==== DATA IN THIS EXERCISE ====
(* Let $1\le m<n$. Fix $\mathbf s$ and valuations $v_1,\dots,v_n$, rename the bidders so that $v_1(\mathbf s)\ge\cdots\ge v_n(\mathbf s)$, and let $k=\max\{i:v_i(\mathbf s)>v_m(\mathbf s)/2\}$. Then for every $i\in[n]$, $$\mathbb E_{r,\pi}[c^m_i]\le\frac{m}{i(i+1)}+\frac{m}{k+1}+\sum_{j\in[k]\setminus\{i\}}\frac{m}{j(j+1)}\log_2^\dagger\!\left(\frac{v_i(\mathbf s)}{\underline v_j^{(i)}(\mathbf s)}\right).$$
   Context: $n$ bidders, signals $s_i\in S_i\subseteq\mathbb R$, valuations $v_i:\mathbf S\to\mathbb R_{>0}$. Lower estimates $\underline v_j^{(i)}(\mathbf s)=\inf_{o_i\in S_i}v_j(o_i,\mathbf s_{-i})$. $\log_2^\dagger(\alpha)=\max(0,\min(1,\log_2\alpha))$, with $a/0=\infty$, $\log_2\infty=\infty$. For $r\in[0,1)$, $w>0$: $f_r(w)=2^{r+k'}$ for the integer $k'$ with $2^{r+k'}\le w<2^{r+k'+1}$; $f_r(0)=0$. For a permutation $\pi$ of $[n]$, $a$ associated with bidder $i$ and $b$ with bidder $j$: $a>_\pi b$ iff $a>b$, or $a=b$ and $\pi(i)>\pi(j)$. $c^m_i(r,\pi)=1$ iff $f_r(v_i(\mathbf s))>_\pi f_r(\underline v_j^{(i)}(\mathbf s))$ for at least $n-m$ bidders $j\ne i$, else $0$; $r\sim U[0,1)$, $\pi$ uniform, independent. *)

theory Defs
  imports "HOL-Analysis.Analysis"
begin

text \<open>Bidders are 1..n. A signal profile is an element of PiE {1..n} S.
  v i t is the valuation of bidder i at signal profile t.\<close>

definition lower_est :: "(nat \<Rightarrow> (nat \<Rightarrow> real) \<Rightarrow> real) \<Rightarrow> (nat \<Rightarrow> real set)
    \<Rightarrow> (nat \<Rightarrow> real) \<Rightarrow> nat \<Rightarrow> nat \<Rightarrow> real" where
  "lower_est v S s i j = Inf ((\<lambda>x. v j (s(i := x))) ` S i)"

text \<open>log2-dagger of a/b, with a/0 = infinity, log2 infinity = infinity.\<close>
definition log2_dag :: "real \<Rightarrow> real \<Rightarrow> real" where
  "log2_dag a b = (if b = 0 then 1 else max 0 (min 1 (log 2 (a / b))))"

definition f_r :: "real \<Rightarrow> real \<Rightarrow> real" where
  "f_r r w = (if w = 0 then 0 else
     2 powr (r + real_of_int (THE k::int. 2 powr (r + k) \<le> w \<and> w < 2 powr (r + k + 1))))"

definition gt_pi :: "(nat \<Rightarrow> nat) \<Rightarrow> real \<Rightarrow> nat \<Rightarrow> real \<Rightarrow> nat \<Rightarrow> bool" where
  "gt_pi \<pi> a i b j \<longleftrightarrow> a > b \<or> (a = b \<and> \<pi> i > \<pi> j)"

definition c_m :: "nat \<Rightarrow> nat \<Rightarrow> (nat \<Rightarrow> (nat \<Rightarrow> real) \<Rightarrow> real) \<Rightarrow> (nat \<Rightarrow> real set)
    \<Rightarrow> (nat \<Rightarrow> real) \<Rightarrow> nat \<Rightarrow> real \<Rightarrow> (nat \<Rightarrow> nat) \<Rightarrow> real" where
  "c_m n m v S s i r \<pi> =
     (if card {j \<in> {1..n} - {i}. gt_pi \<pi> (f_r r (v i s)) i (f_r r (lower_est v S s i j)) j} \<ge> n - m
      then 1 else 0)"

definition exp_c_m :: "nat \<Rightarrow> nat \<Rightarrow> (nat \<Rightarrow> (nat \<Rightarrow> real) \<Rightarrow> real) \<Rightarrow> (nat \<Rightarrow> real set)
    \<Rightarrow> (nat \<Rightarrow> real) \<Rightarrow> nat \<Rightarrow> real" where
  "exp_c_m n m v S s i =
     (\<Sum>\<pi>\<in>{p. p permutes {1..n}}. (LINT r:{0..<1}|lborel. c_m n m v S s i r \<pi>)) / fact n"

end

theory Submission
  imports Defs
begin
====
> _TRY IT_
Would you please copy each line of the listing that contains the word "open"?

> _SOLUTION_
text \<open>Bidders are 1..n. A signal profile is an element of PiE {1..n} S.
text \<open>log2-dagger of a/b, with a/0 = infinity, log2 infinity = infinity.\<close>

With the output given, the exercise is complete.